TASK TO CARRY OUT
Only the lines from the first line of the records through the line containing "using pencil_norm_nonneg[of A" belong in the answer. Copy them exactly.

#####

lemma crawford_le_qform: "crawford A B * (norm x)\<^sup>2 \<le> cmod (qform (cpencil A B) x)"
proof (cases "x = 0")
  case True
  then show ?thesis by (simp add: qform_def)
next
  case False
  define c where "c = complex_of_real (1 / norm x)"
  have "norm (c *s x) = 1"
    using False by (simp add: c_def norm_vector_scalar_mult norm_divide)
  then have "crawford A B \<le> cmod (qform (cpencil A B) (c *s x))"
    unfolding crawford_def cpencil_def by (intro cInf_lower) (auto intro!: bdd_belowI[where m=0])
  also have "\<dots> = cmod (qform (cpencil A B) x) / (norm x)\<^sup>2"
    using False by (simp add: qform_scale c_def norm_mult power2_eq_square norm_divide)
  finally show ?thesis
    using False by (simp add: field_simps)
qed

lemma qform_cpencil_le_pencil_norm:
  assumes "hermitian A" "hermitian B"
  shows "cmod (qform (cpencil A B) x) \<le> pencil_norm A B * (norm x)\<^sup>2"
proof -
  define a where "a = Re (qform A x)"
  define b where "b = Re (qform B x)"
  define r where "r = cmod (qform (cpencil A B) x)"
  have qA: "qform A x = of_real a" and qB: "qform B x = of_real b"
    using assms[THEN hermitian_qform_real] by (simp_all add: a_def b_def)
  then have r: "r\<^sup>2 = a\<^sup>2 + b\<^sup>2"
    by (simp add: r_def qform_cpencil cmod_power2)
  \<comment> \<open>Test the pencil on the pair (a x, b x), whose norm is r |x|.\<close>
  have "r\<^sup>2 = Re (cinner x (A *v (of_real a *s x) + B *v (of_real b *s x)))"
    unfolding r
    by (simp add: vector_scalar_commute cinner_add_right cinner_scale_right qA qB
        power2_eq_square flip: qform_eq_cinner)
  also have "\<dots> \<le> norm x * norm (A *v (of_real a *s x) + B *v (of_real b *s x))"
    unfolding Re_cinner by (rule norm_cauchy_schwarz)
  also have "\<dots> \<le> norm x * (pencil_norm A B * norm (of_real a *s x, of_real b *s x))"
    by (rule mult_left_mono[OF norm_pencil_le]) simp
  also have "norm (of_real a *s x, of_real b *s x) = r * norm x"
    by (simp add: norm_Pair norm_vector_scalar_mult power_mult_distrib
        distrib_right[symmetric] real_sqrt_mult flip: r) (simp add: r_def)
  finally have "r * r \<le> (pencil_norm A B * (norm x)\<^sup>2) * r"
    by (simp add: power2_eq_square mult_ac)
  then have "r \<le> pencil_norm A B * (norm x)\<^sup>2"
    using pencil_norm_nonneg[of A B] by (cases "r = 0") (simp_all add: r_def)
  then show ?thesis
    by (simp add: r_def)
qed
lemma relation_of_mono_into_product:
  assumes prod: "product C Y Y P \<pi>1 \<pi>2" and m: "hom C m I P" "mono C m"
  shows "relation C Y I (\<pi>1 \<cdot> m) (\<pi>2 \<cdot> m)"
  unfolding relation_def
proof (intro conjI allI impI)
  have \<pi>: "hom C \<pi>1 P Y" "hom C \<pi>2 P Y"
    using prod unfolding product_def by auto
  then show "hom C (\<pi>1 \<cdot> m) I Y" "hom C (\<pi>2 \<cdot> m) I Y"
    using m(1) hom_comp by blast+
  fix P' \<rho>1 \<rho>2 h
  assume "product C Y Y P' \<rho>1 \<rho>2 \<and> hom C h I P' \<and> \<rho>1 \<cdot> h = \<pi>1 \<cdot> m \<and> \<rho>2 \<cdot> h = \<pi>2 \<cdot> m"
  then have h: "hom C h I P'" "\<rho>1 \<cdot> h = \<pi>1 \<cdot> m" "\<rho>2 \<cdot> h = \<pi>2 \<cdot> m"
    and \<rho>: "hom C \<rho>1 P' Y" "hom C \<rho>2 P' Y"
    unfolding product_def by auto
  show "mono C h"
    unfolding mono_def
  proof (intro conjI allI impI)
    show "h \<in> Arr C" using h unfolding hom_def by blast
    fix x y
    assume xy: "x \<in> Arr C \<and> y \<in> Arr C \<and> Cod C x = Dom C h \<and> Cod C y = Dom C h \<and>
      Dom C x = Dom C y \<and> h \<cdot> x = h \<cdot> y"
    then have x: "hom C x (Dom C x) I" and y: "hom C y (Dom C x) I"
      using h unfolding hom_def by auto
    have "\<pi>1 \<cdot> (m \<cdot> x) = \<rho>1 \<cdot> (h \<cdot> x)" "\<pi>1 \<cdot> (m \<cdot> y) = \<rho>1 \<cdot> (h \<cdot> y)"
      "\<pi>2 \<cdot> (m \<cdot> x) = \<rho>2 \<cdot> (h \<cdot> x)" "\<pi>2 \<cdot> (m \<cdot> y) = \<rho>2 \<cdot> (h \<cdot> y)"
      using comp_square_extend[OF h(2)[symmetric] m(1) \<pi>(1) h(1) \<rho>(1)]
        comp_square_extend[OF h(3)[symmetric] m(1) \<pi>(2) h(1) \<rho>(2)] x y by blast+
    then have "\<pi>1 \<cdot> (m \<cdot> x) = \<pi>1 \<cdot> (m \<cdot> y)" "\<pi>2 \<cdot> (m \<cdot> x) = \<pi>2 \<cdot> (m \<cdot> y)"
      using xy by simp_all
    then have "m \<cdot> x = m \<cdot> y"
      using product_arr_eqI[OF prod] hom_comp[OF x m(1)] hom_comp[OF y m(1)] by blast
    then show "x = y"
      using mono_cancel[OF m(2)] x y m(1) unfolding hom_def by auto
  qed
qed

lemma sigma_maltsev_sections:
  assumes mal: "sigma_maltsev C \<Sigma>" and \<Sigma>: "(f, s) \<in> \<Sigma>" and fs: "split_epi C f s"
    and gt: "split_epi C g t" and cod: "Cod C g = Cod C f" and pb: "pullback C g f p1 p2"
  obtains s' t' where "hom C s' (Dom C g) (Dom C p1)" "p1 \<cdot> s' = Id C (Dom C g)" "p2 \<cdot> s' = s \<cdot> g"
    and "hom C t' (Dom C f) (Dom C p1)" "p1 \<cdot> t' = t \<cdot> f" "p2 \<cdot> t' = Id C (Dom C f)"
    and "jointly_extremally_epic C s' t'"
proof -
  have f: "hom C f (Dom C f) (Cod C f)" and s: "hom C s (Cod C f) (Dom C f)"
    and fs_id: "f \<cdot> s = Id C (Cod C f)"
    and g: "hom C g (Dom C g) (Cod C f)" and t: "hom C t (Cod C f) (Dom C g)"
    and gt_id: "g \<cdot> t = Id C (Cod C f)"
    using fs gt cod unfolding split_epi_def hom_def by auto
  have "g \<cdot> Id C (Dom C g) = f \<cdot> (s \<cdot> g)"
    using comp_eq_extend[OF fs_id s f g] g unfolding hom_def by simp
  then obtain s' where s': "hom C s' (Dom C g) (Dom C p1)"
    "p1 \<cdot> s' = Id C (Dom C g)" "p2 \<cdot> s' = s \<cdot> g"
    using pullback_pairing[OF pb hom_id_dom[OF g] hom_comp[OF g s]] by blast
  have "g \<cdot> (t \<cdot> f) = f \<cdot> Id C (Dom C f)"
    using comp_eq_extend[OF gt_id t g f] f unfolding hom_def by simp
  then obtain t' where t': "hom C t' (Dom C f) (Dom C p1)"
    "p1 \<cdot> t' = t \<cdot> f" "p2 \<cdot> t' = Id C (Dom C f)"
    using pullback_pairing[OF pb hom_comp[OF f t] hom_id_dom[OF f]] by blast
  have "jointly_extremally_epic C s' t'"
    using mal \<Sigma> gt cod pb s' t' unfolding sigma_maltsev_def by blast
  with s' t' that show ?thesis by blast
qed

end

locale regular_category_context =
  fixes C :: "('o,'a) cat"
  assumes regular: "regular_category C"

sublocale regular_category_context \<subseteq> category_context
  using regular unfolding regular_category_def by unfold_locales blast

context regular_category_context
begin

lemma pullback_exists:
  assumes "hom C f A Z" "hom C g B Z"
  obtains p q where "pullback C f g p q"
  using assms regular unfolding regular_category_def finitely_complete_def hom_def by metis

lemma regular_epi_pullback:
  assumes "pullback C f g p q" "regular_epi C f"
  shows "regular_epi C q"
  using assms regular unfolding regular_category_def by blast

lemma factor_through_mono_of_jointly_extremally_epic:
  assumes jee: "jointly_extremally_epic C s t" and mo: "mono C m"
    and \<Phi>: "hom C \<Phi> (Cod C s) (Cod C m)"
    and a: "hom C a (Dom C s) (Dom C m)" "\<Phi> \<cdot> s = m \<cdot> a"
    and b: "hom C b (Dom C t) (Dom C m)" "\<Phi> \<cdot> t = m \<cdot> b"
  obtains \<phi> where "hom C \<phi> (Cod C s) (Dom C m)" "m \<cdot> \<phi> = \<Phi>"
proof -
  have m: "hom C m (Dom C m) (Cod C m)"
    using mono_hom[OF mo] .
  have s: "hom C s (Dom C s) (Cod C s)" and t: "hom C t (Dom C t) (Cod C s)"
    using jee unfolding jointly_extremally_epic_def hom_def by auto
  obtain \<mu> \<nu> where pb: "pullback C \<Phi> m \<mu> \<nu>"
    using pullback_exists[OF \<Phi> m] .
  have \<mu>: "hom C \<mu> (Dom C \<mu>) (Cod C s)" "mono C \<mu>"
    and \<nu>: "hom C \<nu> (Dom C \<mu>) (Dom C m)" and sq: "\<Phi> \<cdot> \<mu> = m \<cdot> \<nu>"
    using pullback_square[OF pb] mono_pullback[OF pb mo] \<Phi> unfolding hom_def by auto
  have "hom C s (Dom C s) (Dom C \<Phi>)" "hom C t (Dom C t) (Dom C \<Phi>)"
    using s t \<Phi> unfolding hom_def by auto
  then obtain s1 t1 where s1: "hom C s1 (Dom C s) (Dom C \<mu>)" "\<mu> \<cdot> s1 = s"
    and t1: "hom C t1 (Dom C t) (Dom C \<mu>)" "\<mu> \<cdot> t1 = t"
    using pullback_pairing[OF pb _ a] pullback_pairing[OF pb _ b] by metis
  have "iso C \<mu>"
    using jee \<mu> s1 t1 unfolding jointly_extremally_epic_def hom_def by blast
  then obtain \<mu>' where \<mu>': "hom C \<mu>' (Cod C s) (Dom C \<mu>)" "\<mu> \<cdot> \<mu>' = Id C (Cod C s)"
    using iso_right_inverse \<mu>(1) unfolding hom_def by metis
  have "m \<cdot> (\<nu> \<cdot> \<mu>') = \<Phi>"
    using comp_square_extend[OF sq[symmetric] \<nu> m \<mu>(1) \<Phi> \<mu>'(1)] \<mu>'(2) \<Phi>
    unfolding hom_def by simp
  with hom_comp[OF \<mu>'(1) \<nu>] that show ?thesis by blast
qed

lemma regular_epi_cover_lift:
  assumes "regular_epi C e" "hom C e A B" "hom C a Q B"
  obtains v \<epsilon> where "regular_epi C \<epsilon>" "hom C \<epsilon> (Dom C \<epsilon>) Q" "hom C v (Dom C \<epsilon>) A"
    "e \<cdot> v = a \<cdot> \<epsilon>"
proof -
  obtain v \<epsilon> where pb: "pullback C e a v \<epsilon>"
    using pullback_exists assms(2,3) .
  then have "regular_epi C \<epsilon>"
    using regular_epi_pullback assms(1) by blast
  moreover have "hom C \<epsilon> (Dom C \<epsilon>) Q" "hom C v (Dom C \<epsilon>) A" "e \<cdot> v = a \<cdot> \<epsilon>"
    using pullback_square[OF pb] assms(2,3) unfolding hom_def by auto
  ultimately show ?thesis using that by blast
qed

end

locale direct_image = regular_category_context +
  fixes f X Y S d0 d1 P \<pi>1 \<pi>2 I e m
  assumes f: "hom C f X Y" and d0: "hom C d0 S X" and d1: "hom C d1 S X"
    and image: "direct_image_data C f Y S d0 d1 P \<pi>1 \<pi>2 I e m"
begin

lemma product: "product C Y Y P \<pi>1 \<pi>2"
  and e: "hom C e S I" and e_regular: "regular_epi C e"
  and m: "hom C m I P" and m_mono: "mono C m"
  using image unfolding direct_image_data_def by simp_all

lemma \<pi>1: "hom C \<pi>1 P Y" and \<pi>2: "hom C \<pi>2 P Y"
  using product unfolding product_def by simp_all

#####

SOLUTION TO THE PROBLEM
lemma crawford_le_qform: "crawford A B * (norm x)\<^sup>2 \<le> cmod (qform (cpencil A B) x)"
proof (cases "x = 0")
  case True
  then show ?thesis by (simp add: qform_def)
next
  case False
  define c where "c = complex_of_real (1 / norm x)"
  have "norm (c *s x) = 1"
    using False by (simp add: c_def norm_vector_scalar_mult norm_divide)
  then have "crawford A B \<le> cmod (qform (cpencil A B) (c *s x))"
    unfolding crawford_def cpencil_def by (intro cInf_lower) (auto intro!: bdd_belowI[where m=0])
  also have "\<dots> = cmod (qform (cpencil A B) x) / (norm x)\<^sup>2"
    using False by (simp add: qform_scale c_def norm_mult power2_eq_square norm_divide)
  finally show ?thesis
    using False by (simp add: field_simps)
qed

lemma qform_cpencil_le_pencil_norm:
  assumes "hermitian A" "hermitian B"
  shows "cmod (qform (cpencil A B) x) \<le> pencil_norm A B * (norm x)\<^sup>2"
proof -
  define a where "a = Re (qform A x)"
  define b where "b = Re (qform B x)"
  define r where "r = cmod (qform (cpencil A B) x)"
  have qA: "qform A x = of_real a" and qB: "qform B x = of_real b"
    using assms[THEN hermitian_qform_real] by (simp_all add: a_def b_def)
  then have r: "r\<^sup>2 = a\<^sup>2 + b\<^sup>2"
    by (simp add: r_def qform_cpencil cmod_power2)
  \<comment> \<open>Test the pencil on the pair (a x, b x), whose norm is r |x|.\<close>
  have "r\<^sup>2 = Re (cinner x (A *v (of_real a *s x) + B *v (of_real b *s x)))"
    unfolding r
    by (simp add: vector_scalar_commute cinner_add_right cinner_scale_right qA qB
        power2_eq_square flip: qform_eq_cinner)
  also have "\<dots> \<le> norm x * norm (A *v (of_real a *s x) + B *v (of_real b *s x))"
    unfolding Re_cinner by (rule norm_cauchy_schwarz)
  also have "\<dots> \<le> norm x * (pencil_norm A B * norm (of_real a *s x, of_real b *s x))"
    by (rule mult_left_mono[OF norm_pencil_le]) simp
  also have "norm (of_real a *s x, of_real b *s x) = r * norm x"
    by (simp add: norm_Pair norm_vector_scalar_mult power_mult_distrib
        distrib_right[symmetric] real_sqrt_mult flip: r) (simp add: r_def)
  finally have "r * r \<le> (pencil_norm A B * (norm x)\<^sup>2) * r"
    by (simp add: power2_eq_square mult_ac)
  then have "r \<le> pencil_norm A B * (norm x)\<^sup>2"
    using pencil_norm_nonneg[of A B] by (cases "r = 0") (simp_all add: r_def)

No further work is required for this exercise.